In 2005, Warwick was the subject of an early day motion tabled by members of the UK Parliament, in which he was congratulated for his work in attracting students to science and for teaching "in a way that makes the subject interesting and relevant so that more students will want to develop a career in science."
In 2009, Warwick was interviewed about his work in cybernetics for two documentary features on the DVD release of the 1985 Doctor Who story Attack of the Cybermen. He was also an interview subject for the televised lecture The Science of Doctor Who in 2013.
In 2013, Warwick appeared as a guest on BBC Radio 4's The Museum of Curiosity with Robert Llewellyn and Cleo Rocos. In 2014, he appeared on BBC Radio 4's Midweek with Libby Purves, Roger Bannister and Rachael Stirling.

Robotics

Warwick's claims that robots can program themselves to avoid each other while operating in a group raise the issue of self-organisation. In particular, the works of Francisco Varela and Humberto Maturana, once purely speculative have now become immediately relevant with respect to synthetic intelligence.

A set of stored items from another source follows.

lemma zz_diag_le_Nloc_sum:
  "\<sigma> \<in> conf M \<Longrightarrow>
    zz_diag M x y \<sigma> \<le> real M / 2 * ((real M - real (\<sigma> x)) + (real M - real (\<sigma> y)))"
proof -
  assume "\<sigma> \<in> conf M"
  then have "0 \<le> (real M - real (\<sigma> x)) * (real M - real (\<sigma> y))" by (simp add: conf_def)
  then show ?thesis by (simp add: zz_diag_def spinJ_def algebra_simps power2_eq_square)
qed

lemma diag_qform_zz_diag_le:
  "diag_qform M (zz_diag M x y) \<psi>
    \<le> real M / 2 * diag_qform M (\<lambda>\<sigma>. (real M - real (\<sigma> x)) + (real M - real (\<sigma> y))) \<psi>"
  unfolding diag_qform_scale[symmetric] by (rule diag_qform_mono) (rule zz_diag_le_Nloc_sum)

lemma hopping_kernel:
  fixes x y :: "'v::finite"
  assumes xy: "x \<noteq> y" and \<sigma>: "\<sigma> \<in> conf M" and \<tau>: "\<tau> \<in> conf M"
  shows "op_mult M (at_site (Splus M) x) (at_site (Sminus M) y) \<sigma> \<tau> =
    (if \<tau> = flip x y \<sigma> \<and> 0 < \<sigma> x
     then complex_of_real (sqrt (flip_weight M x y \<sigma> * flip_weight M y x \<tau>)) else 0)"
proof (cases "\<tau> = flip x y \<sigma> \<and> 0 < \<sigma> x")
  case True
  have "\<sigma> x \<le> M" "\<tau> y \<le> M" using \<sigma> \<tau> by (auto simp: conf_def)
  with True xy have "Splus M (\<sigma> x) (\<tau> x) * Sminus M (\<sigma> y) (\<tau> y)
      = complex_of_real (sqrt ((real M - real (\<tau> x)) * real (\<sigma> x)) * sqrt (real (\<tau> y) * (real M - real (\<sigma> y))))"
    by (auto simp: Splus_eq Sminus_eq flip_def algebra_simps)
  also have "\<dots> = complex_of_real (sqrt (flip_weight M x y \<sigma> * flip_weight M y x \<tau>))"
    by (simp add: flip_weight_def real_sqrt_mult[symmetric] algebra_simps)
  finally show ?thesis
    unfolding op_mult_at_site_distinct[OF xy \<sigma> \<tau>] using True xy by (simp add: flip_def)
next
  case False
  have "\<not> ((\<forall>z. z \<noteq> x \<and> z \<noteq> y \<longrightarrow> \<sigma> z = \<tau> z)
      \<and> Splus M (\<sigma> x) (\<tau> x) \<noteq> 0 \<and> Sminus M (\<sigma> y) (\<tau> y) \<noteq> 0)"
  proof
    assume nonzero: "(\<forall>z. z \<noteq> x \<and> z \<noteq> y \<longrightarrow> \<sigma> z = \<tau> z)
      \<and> Splus M (\<sigma> x) (\<tau> x) \<noteq> 0 \<and> Sminus M (\<sigma> y) (\<tau> y) \<noteq> 0"
    then have "\<tau> x = \<sigma> x - 1" "\<tau> y = \<sigma> y + 1" "0 < \<sigma> x"
      by (auto simp: Splus_eq Sminus_eq split: if_splits)
    with nonzero have "\<tau> = flip x y \<sigma>" by (intro ext) (auto simp: flip_def)
    with False \<open>0 < \<sigma> x\<close> show False by simp
  qed
  then show ?thesis
    unfolding op_mult_at_site_distinct[OF xy \<sigma> \<tau>] using False by auto
qed

lemma cmod_qform_hopping_le:
  fixes x y :: "'v::finite"
  assumes xy: "x \<noteq> y"
  shows "cmod (qform M (op_mult M (at_site (Splus M) x) (at_site (Sminus M) y)) \<psi>)
    \<le> diag_qform M (zz_diag M x y) \<psi>"
proof -
  define w :: "'v config \<Rightarrow> 'v config \<Rightarrow> real"
    where "w \<sigma> \<tau> = (if \<tau> = flip x y \<sigma> \<and> 0 < \<sigma> x then 1 else 0)" for \<sigma> \<tau>
  have "cmod (qform M (op_mult M (at_site (Splus M) x) (at_site (Sminus M) y)) \<psi>)
      \<le> (\<Sum>\<sigma>\<in>conf M. (flip_weight M x y \<sigma> + flip_weight M y x \<sigma>) / 2 * (cmod (\<psi> \<sigma>))\<^sup>2)"
    unfolding qform_def
  proof (rule norm_bilinear_sum_le_schur[where w = w])
    fix \<sigma> \<tau> :: "'v config"
    assume \<sigma>: "\<sigma> \<in> conf M" and \<tau>: "\<tau> \<in> conf M"
    have "0 \<le> sqrt (flip_weight M x y \<sigma> * flip_weight M y x \<tau>)"
      using flip_weight_nonneg[OF \<sigma>] flip_weight_nonneg[OF \<tau>] by simp
    then show "cmod (op_mult M (at_site (Splus M) x) (at_site (Sminus M) y) \<sigma> \<tau>)
        \<le> w \<sigma> \<tau> * sqrt (flip_weight M x y \<sigma> * flip_weight M y x \<tau>)"
      unfolding hopping_kernel[OF xy \<sigma> \<tau>] w_def by auto
  next
    fix \<sigma> :: "'v config"
    have "(\<Sum>\<tau>\<in>conf M. w \<sigma> \<tau>) \<le> (\<Sum>\<tau>\<in>conf M. if \<tau> = flip x y \<sigma> then 1 else 0)"
      by (intro sum_mono) (simp add: w_def)
    then show "(\<Sum>\<tau>\<in>conf M. w \<sigma> \<tau>) \<le> 1"
      by (simp add: finite_conf split: if_splits)
  next
    fix \<tau> :: "'v config"
    have "(\<Sum>\<sigma>\<in>conf M. w \<sigma> \<tau>) \<le> (\<Sum>\<sigma>\<in>conf M. if \<sigma> = flip y x \<tau> then 1 else 0)"
      by (intro sum_mono) (auto simp: w_def flip_flip[OF xy])
    then show "(\<Sum>\<sigma>\<in>conf M. w \<sigma> \<tau>) \<le> 1"
      by (simp add: finite_conf split: if_splits)
  qed (simp_all add: finite_conf w_def flip_weight_nonneg)
  also have "\<dots> = diag_qform M (zz_diag M x y) \<psi>"
    by (simp add: flip_weight_add_flip_weight diag_qform_def)
  finally show ?thesis .
qed

lemma qform_hopping_adjoint:
  fixes x y :: "'v::finite"
  assumes xy: "x \<noteq> y"
  shows "qform M (op_mult M (at_site (Sminus M) x) (at_site (Splus M) y)) \<psi>
    = cnj (qform M (op_mult M (at_site (Splus M) x) (at_site (Sminus M) y)) \<psi>)"
  by (rule qform_adjoint)
    (auto simp: op_mult_at_site_distinct[OF xy] Sminus_eq_Splus_transpose)

lemma qform_hop:
  fixes x y :: "'v::finite"
  assumes "x \<noteq> y"
  shows "qform M (hop M \<Delta> x y) \<psi>
    = complex_of_real (- Re (qform M (op_mult M (at_site (Splus M) x) (at_site (Sminus M) y)) \<psi>) / \<Delta>)"
  unfolding hop_def qform_scale qform_add qform_hopping_adjoint[OF assms] complex_add_cnj
  by (simp add: field_simps)

lemma cmod_qform_hop_le:
  fixes x y :: "'v::finite"
  assumes xy: "x \<noteq> y" and M: "1 \<le> M" and \<Delta>: "0 < \<Delta>"
  shows "cmod (qform M (hop M \<Delta> x y) \<psi>) \<le> 2 * spinJ M / \<Delta> * diag_qform M (zz_diag M x y) \<psi>"
proof -
  let ?T = "op_mult M (at_site (Splus M) x) (at_site (Sminus M) y)"
  have Re_le: "\<bar>Re (qform M ?T \<psi>)\<bar> \<le> diag_qform M (zz_diag M x y) \<psi>"
    using abs_Re_le_cmod cmod_qform_hopping_le[OF xy] by (rule order_trans)
  also have "\<dots> \<le> real M * diag_qform M (zz_diag M x y) \<psi>"
    using mult_right_mono[of 1 "real M", OF _ order_trans[OF abs_ge_zero Re_le]] M by simp
  finally have "\<bar>Re (qform M ?T \<psi>)\<bar> / \<Delta> \<le> real M * diag_qform M (zz_diag M x y) \<psi> / \<Delta>"
    using \<Delta> by (simp add: divide_right_mono)
  moreover have "cmod (qform M (hop M \<Delta> x y) \<psi>) = \<bar>Re (qform M ?T \<psi>)\<bar> / \<Delta>"
    unfolding qform_hop[OF xy] norm_of_real using \<Delta> by simp
  ultimately show ?thesis by (simp add: spinJ_def)
qed

lemma qform_zzterm:
  fixes x y :: "'v::finite"
  assumes xy: "x \<noteq> y"
  shows "qform M (zzterm M x y) \<psi> = complex_of_real (diag_qform M (zz_diag M x y) \<psi>)"
proof (rule qform_diagonal)
  fix \<sigma> \<tau> :: "'v config"
  assume \<sigma>: "\<sigma> \<in> conf M" and \<tau>: "\<tau> \<in> conf M"
  have "op_mult M (at_site (S3 M) x) (at_site (S3 M) y) \<sigma> \<tau>
      = (if \<sigma> = \<tau> then complex_of_real ((real (\<sigma> x) - spinJ M) * (real (\<sigma> y) - spinJ M)) else 0)"
  proof -
    have "(\<forall>z. z \<noteq> x \<and> z \<noteq> y \<longrightarrow> \<sigma> z = \<tau> z) \<and> \<sigma> x = \<tau> x \<and> \<sigma> y = \<tau> y \<longleftrightarrow> \<sigma> = \<tau>"
      by auto
    moreover have "\<sigma> x \<le> M" "\<sigma> y \<le> M" using \<sigma> by (auto simp: conf_def)
    ultimately show ?thesis
      by (auto simp: op_mult_at_site_distinct[OF xy \<sigma> \<tau>] S3_def)
  qed
  then show "zzterm M x y \<sigma> \<tau> = (if \<sigma> = \<tau> then complex_of_real (zz_diag M x y \<sigma>) else 0)"
    using \<sigma> by (simp add: zzterm_def op_sub_def op_scale_def op_id_def zz_diag_def)
qed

Cyborg-type systems, if they are to survive, need to be not only homeostatic but also adaptive. Testing the claims of Varela and Maturana using synthetic devices is the more serious concern in the discussion about Warwick and those involved in similar research. "Pulling the plug" on independent devices cannot be as simple as it appears, because if the device displays sufficient intelligence, and assumes a diagnostic and prognostic stature, we may ultimately one day be forced to decide between what it could be telling us as counterintuitive and our impulse to disconnect because of our limited and "intuitive" perceptions.
Warwick's robots seemed to exhibit behaviour not anticipated by the research, one such robot "committing suicide" because it could not cope with its environment. In a more complex setting, it may be asked whether a "natural selection" might be possible, neural networks being the major operative.

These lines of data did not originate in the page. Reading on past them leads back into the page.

lemma ex1_solves_triangular_insert:
  fixes c :: "'s \<Rightarrow> 'b::ab_group_add"
  assumes ex1: "\<exists>!J. solves_triangular T I c J"
    and "x \<notin> T" "x \<in> I x" "finite (I x)"
    and x_maximal: "\<And>s. s \<in> T \<Longrightarrow> x \<notin> I s"
  shows "\<exists>!J. solves_triangular (insert x T) I c J"
proof -
  obtain J0 where J0: "solves_triangular T I c J0"
    and J0_unique: "\<And>J. solves_triangular T I c J \<Longrightarrow> J = J0"
    using ex1 by blast
  have split_x: "sum J (I x) = J x + sum J (I x - {x})" for J :: "'s \<Rightarrow> 'b"
    using assms(3,4) by (simp add: sum.remove)
  define J where "J = J0(x := c x - sum J0 (I x - {x}))"
  have J_other: "J t = J0 t" if "t \<noteq> x" for t
    using that by (simp add: J_def)
  have J0_T: "\<forall>t. t \<notin> T \<longrightarrow> J0 t = 0" "\<forall>s\<in>T. sum J0 (I s) = c s"
    using J0 by (simp_all add: solves_triangular_def)
  have J_T: "sum J (I s) = c s" if "s \<in> T" for s
  proof -
    have "sum J (I s) = sum J0 (I s)"
      using x_maximal[OF that] by (intro sum.cong refl J_other) blast
    with J0_T that show ?thesis by simp
  qed
  have J_x: "sum J (I x) = c x"
  proof -
    have "sum J (I x - {x}) = sum J0 (I x - {x})"
      by (intro sum.cong refl J_other) blast
    then show ?thesis using split_x[of J] by (simp add: J_def)
  qed
  show ?thesis
  proof (rule ex1I)
    show "solves_triangular (insert x T) I c J"
      using J_T J_x J_other J0_T by (auto simp: solves_triangular_def)
  next
    fix J' assume J': "solves_triangular (insert x T) I c J'"
    have "solves_triangular T I c (J'(x := 0))"
    proof -
      have "sum (J'(x := 0)) (I s) = sum J' (I s)" if "s \<in> T" for s
        using x_maximal[OF that] by (intro sum.cong) auto
      then show ?thesis using J' by (simp add: solves_triangular_def)
    qed
    then have off_x: "J'(x := 0) = J0" by (rule J0_unique)
    then have J'_other: "J' t = J t" if "t \<noteq> x" for t
      using that J_other by (metis fun_upd_other)
    have "sum J' (I x - {x}) = sum J (I x - {x})"
      by (intro sum.cong refl J'_other) blast
    moreover have "sum J' (I x) = sum J (I x)"
      using J' J_x by (simp add: solves_triangular_def)
    ultimately have "J' x = J x" using split_x[of J'] split_x[of J] by simp
    with J'_other show "J' = J" by (metis ext)
  qed
qed

lemma ex1_solves_triangular:
  fixes c :: "'s \<Rightarrow> 'b::ab_group_add"
  assumes "finite S"
    and refl: "\<And>s. s \<in> S \<Longrightarrow> s \<in> I s"
    and closed: "\<And>s. s \<in> S \<Longrightarrow> I s \<subseteq> S"
    and trans: "\<And>s t. s \<in> S \<Longrightarrow> t \<in> I s \<Longrightarrow> I t \<subseteq> I s"
    and antisym: "\<And>s t. s \<in> S \<Longrightarrow> t \<in> I s \<Longrightarrow> s \<in> I t \<Longrightarrow> t = s"
  shows "\<exists>!J. solves_triangular S I c J"
proof -
  have fin: "finite (I s)" if "s \<in> S" for s
    using closed[OF that] \<open>finite S\<close> by (rule finite_subset)
  have ex1_downclosed: "\<exists>!J. solves_triangular T I c J"
    if "finite T" "T \<subseteq> S" "\<forall>s\<in>T. I s \<subseteq> T" for T
    using that
  proof (induction T rule: finite_ranking_induct[where f = "\<lambda>s. card (I s)"])
    case empty
    have "solves_triangular {} I c J \<longleftrightarrow> J = (\<lambda>_. 0)" for J
      by (auto simp: solves_triangular_def)
    then show ?case by simp
  next
    case (insert x T)
    note sub = insert.prems(1) and down = insert.prems(2)
    show ?case
    proof (cases "x \<in> T")
      case True
      then show ?thesis using insert.IH sub down by (simp add: insert_absorb)
    next
      case False
      have x_maximal: "x \<notin> I s" if "s \<in> T" for s
      proof
        assume "x \<in> I s"
        have "s \<in> S" "s \<noteq> x" using sub that False by auto
        have "I x \<subseteq> I s" using \<open>s \<in> S\<close> \<open>x \<in> I s\<close> by (rule trans)
        moreover have "s \<notin> I x" using antisym[OF \<open>s \<in> S\<close> \<open>x \<in> I s\<close>] \<open>s \<noteq> x\<close> by blast
        moreover have "s \<in> I s" using \<open>s \<in> S\<close> by (rule refl)
        ultimately have "I x \<subset> I s" by blast
        then have "card (I x) < card (I s)"
          using fin[OF \<open>s \<in> S\<close>] by (rule psubset_card_mono[rotated])
        with insert.hyps(2)[OF that] show False by simp
      qed
      then have "\<forall>s\<in>T. I s \<subseteq> T" using down by blast
      then have ex1_T: "\<exists>!J. solves_triangular T I c J" using insert.IH sub by blast
      have "x \<in> S" using sub by simp
      then show ?thesis
        using ex1_solves_triangular_insert[OF ex1_T False refl fin x_maximal] by simp
    qed
  qed
  show ?thesis
    using closed by (intro ex1_downclosed[OF assms(1) order_refl]) blast
qed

The 1999 edition of the Guinness Book of Records recorded that Warwick performed the first robot learning experiment using the Internet. One robot, with an artificial neural network brain at the University of Reading in the UK, learned how to move around without bumping into things. It then taught, via the Internet, another robot at SUNY Buffalo in New York State to behave in the same way. The robot in the US was therefore not taught or programmed by a human, but rather by another robot based on what it had itself learnt.
Hissing Sid was a robot cat that Warwick took on a British Council lecture tour of Russia, where he presented it in lectures at such places as Moscow State University. The robot was put together as a student project; its name came from the noise made by the pneumatic actuators used to drive its legs when walking. Hissing Sid also appeared on BBC TV's Blue Peter, but became better known when it was refused a ticket by British Airways on the grounds that they did not allow animals in the cabin.

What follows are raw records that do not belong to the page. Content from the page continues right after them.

(* Let $\alpha\ge0$ and let $b_1,b_2\in C[0,1]$ satisfy $b_1(x)\ge b_2(x)>1$ on $[0,1]$. For $i=1,2$ let $(n_i,E_i)$ be the interior subsonic solution of $\big(1-\frac{1}{n^2}\big)n_x=nE-\alpha$, $E_x=n-b_i(x)$ on $(0,1)$, $n(0)=n(1)=1$. Then $n_1(x)\ge n_2(x)$ for all $x\in[0,1]$.
   Context: For a doping profile $b\in C[0,1]$ with $\inf_{[0,1]}b>1$ and $\alpha\ge0$, a pair $(n,E)$ is an interior subsonic solution if: $(n-1)^2\in H_0^1(0,1)$; $n>1$ on $(0,1)$; $n(0)=n(1)=1$; for every $\varphi\in H_0^1(0,1)$, $\int_0^1\big(\frac1n-\frac1{n^3}\big)n_x\varphi_x\,dx+\alpha\int_0^1\frac{\varphi_x}{n}\,dx+\int_0^1(n-b)\varphi\,dx=0$; and $E(x)=\alpha+\int_0^x(n-b)\,dy$. Such a solution is known to exist and be unique. *)

theory Defs
  imports "HOL-Analysis.Analysis"
begin

text \<open>Membership in H_0^1(0,1), in its one-dimensional (absolutely continuous
  representative) form: u is the indefinite integral on [0,1] of a square-integrable
  function g (its weak derivative), and u vanishes at both endpoints.\<close>
definition H01_with_deriv :: "(real \<Rightarrow> real) \<Rightarrow> (real \<Rightarrow> real) \<Rightarrow> bool" where
  "H01_with_deriv u g \<longleftrightarrow>
     g \<in> borel_measurable (lebesgue_on {0..1}) \<and>
     integrable (lebesgue_on {0..1}) (\<lambda>x. (g x)\<^sup>2) \<and>
     (\<forall>x\<in>{0..1}. u x = integral\<^sup>L (lebesgue_on {0..x}) g) \<and>
     u 0 = 0 \<and> u 1 = 0"
(* For every $A\in\mathbb R$, the kernel of the Mathieu–Hankel operator $\mathbf H(A)$ is trivial.
   Context: Fix $T>0$, $\omega=2\pi/T$. For $A\in\mathbb R$, $\mathbf H(A)$ is the bounded self-adjoint Hankel operator on $L^2(\mathbb R_+)$, $(\mathbf H(A)f)(t)=\int_0^\infty h_A(t+s)f(s)\,ds$, with $h_A(t)=p_A(\log t)/t$ and $p_A(\xi)=A+\operatorname{Re}\big(\Gamma(1-i\omega)e^{i\omega\xi}\big)$. *)

theory Defs
  imports "HOL-Analysis.Analysis"
begin

definition mh_omega :: "real \<Rightarrow> real" where
  "mh_omega T = 2 * pi / T"

definition mh_p :: "real \<Rightarrow> real \<Rightarrow> real \<Rightarrow> real" where
  "mh_p T A \<xi> = A + Re (Gamma (1 - \<i> * complex_of_real (mh_omega T))
                         * exp (\<i> * complex_of_real (mh_omega T * \<xi>)))"

definition mh_h :: "real \<Rightarrow> real \<Rightarrow> real \<Rightarrow> real" where
  "mh_h T A t = mh_p T A (ln t) / t"

definition mh_hankel :: "real \<Rightarrow> real \<Rightarrow> (real \<Rightarrow> complex) \<Rightarrow> real \<Rightarrow> complex" where
  "mh_hankel T A f t = (LINT s:{0<..}|lborel. complex_of_real (mh_h T A (t + s)) * f s)"

definition L2_pos :: "(real \<Rightarrow> complex) \<Rightarrow> bool" where
  "L2_pos f \<longleftrightarrow> f \<in> borel_measurable lborel \<and>
     set_integrable lborel {0<..} (\<lambda>s. (cmod (f s))\<^sup>2)"

end

theory Submission
  imports Defs
begin

(* The kernel is itself a Laplace transform: since the Laplace transform of l powr (-i omega)
   at t is Gamma(1 - i omega) t powr (i omega - 1), h_A(t) = (L sigma)(t) with
   sigma(l) = A + cos(omega ln l). By Fubini, H(A) f = L (sigma * L f) on (0, inf).
   If H(A) f = 0 a.e., uniqueness of the Laplace transform gives sigma * L f = 0 a.e.; the
   zeros of sigma form a countable set, so L f = 0 a.e., and uniqueness once more gives f = 0.
   Uniqueness itself comes from the Weierstrass theorem: the values at t = 1, 2, 3, ... are
   the moments of a finite measure in the variable exp(-s), and a vanishing Laplace
   transform a.e. vanishes everywhere by continuity from the right. *)

definition laplace :: "(real \<Rightarrow> 'a::{banach, second_countable_topology}) \<Rightarrow> real \<Rightarrow> 'a" where
  "laplace v t = (LINT s:{0<..}|lborel. exp (- t * s) *\<^sub>R v s)"

lemma laplace_cong:
  assumes "\<And>l. l > 0 \<Longrightarrow> v l = w l"
  shows "laplace v t = laplace w t"
  using assms by (simp add: laplace_def set_lebesgue_integral_cong)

Warwick was also responsible for a robotic "magic chair" used on BBC TV's Jim'll Fix It. The chair provided the show's host Jimmy Savile with tea and stored Jim'll Fix It badges for him to hand out to guests. Warwick appeared on the programme himself for a Fix-it involving robots.
Warwick was also involved in the development of the "Seven Dwarves" robots, a version of which was sold in kit form as "Cybot" on the cover of Real Robots magazine in 2001. The magazine series guided its readers through the stages of building and programming Cybot, an artificially intelligent robot capable of making its own decisions and thinking for itself.